3. Theoretical Contributions

The paper provides rigorous theoretical guarantees supporting the efficacy of diagonal block updates:

Linear Least Squares (LSQ) Expressiveness:
- Theorem 1: Under mild low-rank assumptions on the input matrix $X$ (rank $r$ ), if the number of blocks $N \leq m_1/r$ , any minimizer of the DiaBlo objective is also a minimizer of the full fine-tuning objective.
- Comparison: DiaBlo is strictly more expressive than LoRA under the same parameter budget.
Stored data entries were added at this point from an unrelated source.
definition weak_conv_on :: "(real^'d) set \<Rightarrow> (nat \<Rightarrow> (real^'d) measure) \<Rightarrow> (real^'d) measure \<Rightarrow> bool" where
  "weak_conv_on M \<mu>s \<mu> \<longleftrightarrow>
     (\<forall>f :: real^'d \<Rightarrow> real. continuous_on M f \<and> bounded (f ` M) \<longrightarrow>
        (\<lambda>n. integral\<^sup>L (\<mu>s n) f) \<longlonglongrightarrow> integral\<^sup>L \<mu> f)"

end

theory Submission
  imports Defs
begin

(* Let mu_n be a QSD of the kernel P = K (eps n) with eigenvalue lam_n.
   Integrating the eigen-equation over M1 (which carries all of mu_n) shows that
   lam_n * mu_n is dominated by the one-step image mu_n P; for a test function 0 <= h <= 1,
   applied to h and to 1 - h, this gives |mu_n(P h) - mu_n(h)| <= 1 - lam_n.  By SH1,
   P h is uniformly close to h o F when h is Lipschitz, so |mu_n(h o F) - mu_n(h)| -> 0,
   and weak convergence yields mu(h o F) = mu(h).  Lipschitz approximations of indicators
   give mu(F^-1 C) = mu(C) for closed C, and the closed sets are an intersection-stable
   generator of the Borel sets.

   Poincare recurrence, proved here for any finite measure-preserving map, shows
   that almost every point returns to every member of a countable basis containing it.  A
   point that returns arbitrarily close to itself is ap-chain recurrent: its orbit segment,
   closed up by a final small jump back to the point, is an ap pseudo-orbit (the final jump
   cannot leave M0, because M0 and M1 are both forward invariant). *)

lemma space_borelM [simp]: "space (borelM M) = M"
  by (simp add: borelM_def space_restrict_space)
lemma mu_le_total_rate: "k \<in> II \<Longrightarrow> l \<in> JJ \<Longrightarrow> \<mu> k l \<le> total_rate"
  unfolding total_rate_def
  by (rule member_le_sum[where i="(k, l)" and f="\<lambda>(k, l). \<mu> k l", simplified])
    (auto simp: mu_nonneg)

lemma growth_base_ge_1: "1 \<le> growth_base"
  using total_rate_nonneg unfolding growth_base_def by simp

lemma growth_const_nonneg: "0 \<le> growth_const"
  using growth_base_ge_1 total_rate_nonneg theta_nonneg[OF i0_in_II]
  unfolding growth_const_def by simp

end

locale network_solution = tree_network +
  fixes w x :: "nat \<Rightarrow> real \<Rightarrow> real" and \<psi> :: "nat \<Rightarrow> nat \<Rightarrow> real \<Rightarrow> real"
  assumes regular: "\<forall>i\<in>Iset nI. meas_locbdd (w i) \<and> meas_locbdd (x i)"
    and psi_regular: "\<forall>i\<in>Iset nI. \<forall>j\<in>Jset nI nJ. meas_locbdd (\<psi> i j)"
    and psi_off_edges: "\<forall>i\<in>Iset nI. \<forall>j\<in>Jset nI nJ. (i, j) \<notin> E \<longrightarrow> (\<forall>t\<ge>0. \<psi> i j t = 0)"
    and dynamics: "\<forall>i\<in>Iset nI. \<forall>t\<ge>0.
      x i t = w i t - (\<Sum>j\<in>Jset nI nJ. \<mu> i j * (LBINT s=0..t. \<psi> i j s))
        - \<theta> i * (LBINT s=0..t. (if i = i0 then pospart (\<Sum>k\<in>Iset nI. x k s) else 0))"
    and class_balance: "\<forall>i\<in>Iset nI. \<forall>t\<ge>0.
      (\<Sum>j\<in>Jset nI nJ. \<psi> i j t) = x i t - (if i = i0 then pospart (\<Sum>k\<in>Iset nI. x k t) else 0)"
    and pool_balance: "\<forall>j\<in>Jset nI nJ. \<forall>t\<ge>0.
      (\<Sum>i\<in>Iset nI. \<psi> i j t) = - (if j = j0 then negpart (\<Sum>k\<in>Iset nI. x k t) else 0)"
begin

definition class_total :: "nat set \<Rightarrow> real \<Rightarrow> real" where
  "class_total A t = (\<Sum>k\<in>A \<inter> II. x k t)"

definition wnorm :: "real \<Rightarrow> real" where
  "wnorm t = supnorm II w t"

fun cum_flow :: "nat \<times> nat \<Rightarrow> real \<Rightarrow> real" where
  "cum_flow (k, l) s = \<mu> k l * integral {0..s} (\<psi> k l)"

lemma class_total_II: "class_total II t = (\<Sum>k\<in>II. x k t)"
  by (simp add: class_total_def)

lemma meas_locbdd_psi: "k \<in> II \<Longrightarrow> l \<in> JJ \<Longrightarrow> meas_locbdd (\<psi> k l)"
  using psi_regular by auto

lemma meas_locbdd_class_total: "meas_locbdd (class_total A)"
  unfolding class_total_def[abs_def] using regular by (intro meas_locbdd_sum) auto

lemma meas_locbdd_pospart_total: "meas_locbdd (\<lambda>s. pospart (class_total II s))"
  by (rule meas_locbdd_comp[OF meas_locbdd_class_total borel_measurable_pospart abs_pospart_le])

lemma meas_locbdd_negpart_total: "meas_locbdd (\<lambda>s. negpart (class_total II s))"
  by (rule meas_locbdd_comp[OF meas_locbdd_class_total borel_measurable_negpart abs_negpart_le])

lemma bdd_above_sum_abs_w:
  assumes "0 \<le> t"
  shows "bdd_above ((\<lambda>s. \<Sum>k\<in>II. \<bar>w k s\<bar>) ` {0..t})"
proof -
  have "(\<lambda>a::real. \<bar>a\<bar>) \<in> borel_measurable borel"
    by measurable
  then have "meas_locbdd (\<lambda>s. \<bar>w k s\<bar>)" if "k \<in> II" for k
    using regular that by (intro meas_locbdd_comp[where g=abs]) auto
  then have "meas_locbdd (\<lambda>s. \<Sum>k\<in>II. \<bar>w k s\<bar>)"
    by (intro meas_locbdd_sum) auto
  then obtain C where "\<forall>s\<in>{0..t}. \<bar>\<Sum>k\<in>II. \<bar>w k s\<bar>\<bar> \<le> C"
    using assms unfolding meas_locbdd_iff by blast
  then show ?thesis
    by (intro bdd_aboveI[of _ C]) auto
qed

lemma sum_abs_w_le_wnorm:
  assumes "0 \<le> s" "s \<le> t"
  shows "(\<Sum>k\<in>II. \<bar>w k s\<bar>) \<le> wnorm t"
  unfolding wnorm_def supnorm_def
  using assms bdd_above_sum_abs_w[of t] by (intro cSUP_upper) auto

lemma wnorm_nonneg: "0 \<le> t \<Longrightarrow> 0 \<le> wnorm t"
  using sum_abs_w_le_wnorm[of 0 t] by (meson order_trans sum_nonneg abs_ge_zero order_refl)

lemma wnorm_mono:
  assumes "0 \<le> s" "s \<le> t"
  shows "wnorm s \<le> wnorm t"
  unfolding wnorm_def supnorm_def
  using assms bdd_above_sum_abs_w[of t] by (intro cSUP_subset_mono) auto

lemma abs_sum_w_le_wnorm:
  assumes "0 \<le> s" "s \<le> t"
  shows "\<bar>\<Sum>k\<in>A \<inter> II. w k s\<bar> \<le> wnorm t"
proof -
  have "\<bar>\<Sum>k\<in>A \<inter> II. w k s\<bar> \<le> (\<Sum>k\<in>A \<inter> II. \<bar>w k s\<bar>)"
    by (rule sum_abs)
  also have "\<dots> \<le> (\<Sum>k\<in>II. \<bar>w k s\<bar>)"
    by (rule sum_mono2) auto
  also have "\<dots> \<le> wnorm t"
    using assms by (rule sum_abs_w_le_wnorm)
  finally show ?thesis .
qed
LoRA requires a rank of at least $r$ (needing $\approx (m_1+m_2)r$ parameters), whereas DiaBlo achieves the same solution with $N \cdot d_1 \cdot d_2$ parameters, which can be significantly smaller.
Convergence to Full Fine-Tuning Stationary Points:
- Theorem 2: In general non-linear settings, if the activation matrix $X$ and output gradient $g_Y$ exhibit low-rank properties (empirically observed in LLMs), DiaBlo converges to a stationary point of the full fine-tuning objective.
- This implies that updating only diagonal blocks is sufficient to drive the gradients of the entire weight matrix to zero, provided the block size is appropriate.

4. Experimental Results

DiaBlo was evaluated across diverse tasks and model architectures (LLaMA2-7B/13B, LLaMA3-8B, Mistral-7B) and compared against Full Fine-Tuning, LoRA, DoRA, PiSSA, MiLoRA, and SMT.

Key Findings:

Commonsense Reasoning: DiaBlo consistently outperformed LoRA and its variants. On LLaMA2-7B, it achieved 83.5% average accuracy (matching Full Fine-Tuning) using only 0.52% of trainable parameters, surpassing SMT (81.8%) which used more parameters.
Arithmetic Reasoning: On GSM8K and MATH datasets, DiaBlo achieved 43.4% accuracy, slightly beating Full Fine-Tuning (43.2%) and significantly outperforming LoRA (38.7%).
Code Generation & Safety: On HumanEval and HEx-PHI (safety), DiaBlo achieved state-of-the-art results among PEFT methods, with Pass@1 scores of 43.2% (LLaMA3-8B) and refusal rates of 97.6%.
Quantized Models (4-bit & 2-bit): DiaBlo demonstrated exceptional robustness in low-precision settings.
- In 2-bit quantization, where most methods fail or degrade significantly, DiaBlo achieved 48.7% average accuracy on arithmetic tasks, outperforming QLoRA and GPTQ-LoRA baselines.
- It achieved this without requiring specialized quantization-aware initialization.
Efficiency:
- Training Speed: DiaBlo matches the training speed of LoRA (approx. 170 mins/epoch) and is significantly faster than DoRA (480 mins/epoch).
- Memory: It maintains a memory footprint comparable to LoRA.
Stability: Gradient norm variance analysis showed DiaBlo converges smoothly with low variance, whereas LoRA exhibited higher variance and sensitivity to initialization.

5. Significance and Impact

Simplicity: DiaBlo eliminates the need for complex initialization schemes (like PiSSA or LoRA-GA) and custom optimizers, offering a "plug-and-play" solution that is easier to implement and debug.
Hardware Friendliness: By using structured diagonal blocks rather than unstructured sparsity, DiaBlo leverages efficient batched matrix operations, making it highly compatible with modern GPU architectures.
Theoretical Insight: The work challenges the necessity of low-rank factorization for PEFT, demonstrating that structured sparsity (diagonal blocks) offers superior expressiveness and stability under low-rank conditions common in LLM activations.
Robustness: Its ability to perform well in ultra-low precision (2-bit) settings makes it a critical tool for deploying LLMs on resource-constrained edge devices.

In conclusion, DiaBlo presents a paradigm shift in PEFT, proving that diagonal blocks are sufficient for high-performance fine-tuning, offering a superior balance of accuracy, stability, and efficiency compared to the current state-of-the-art low-rank methods.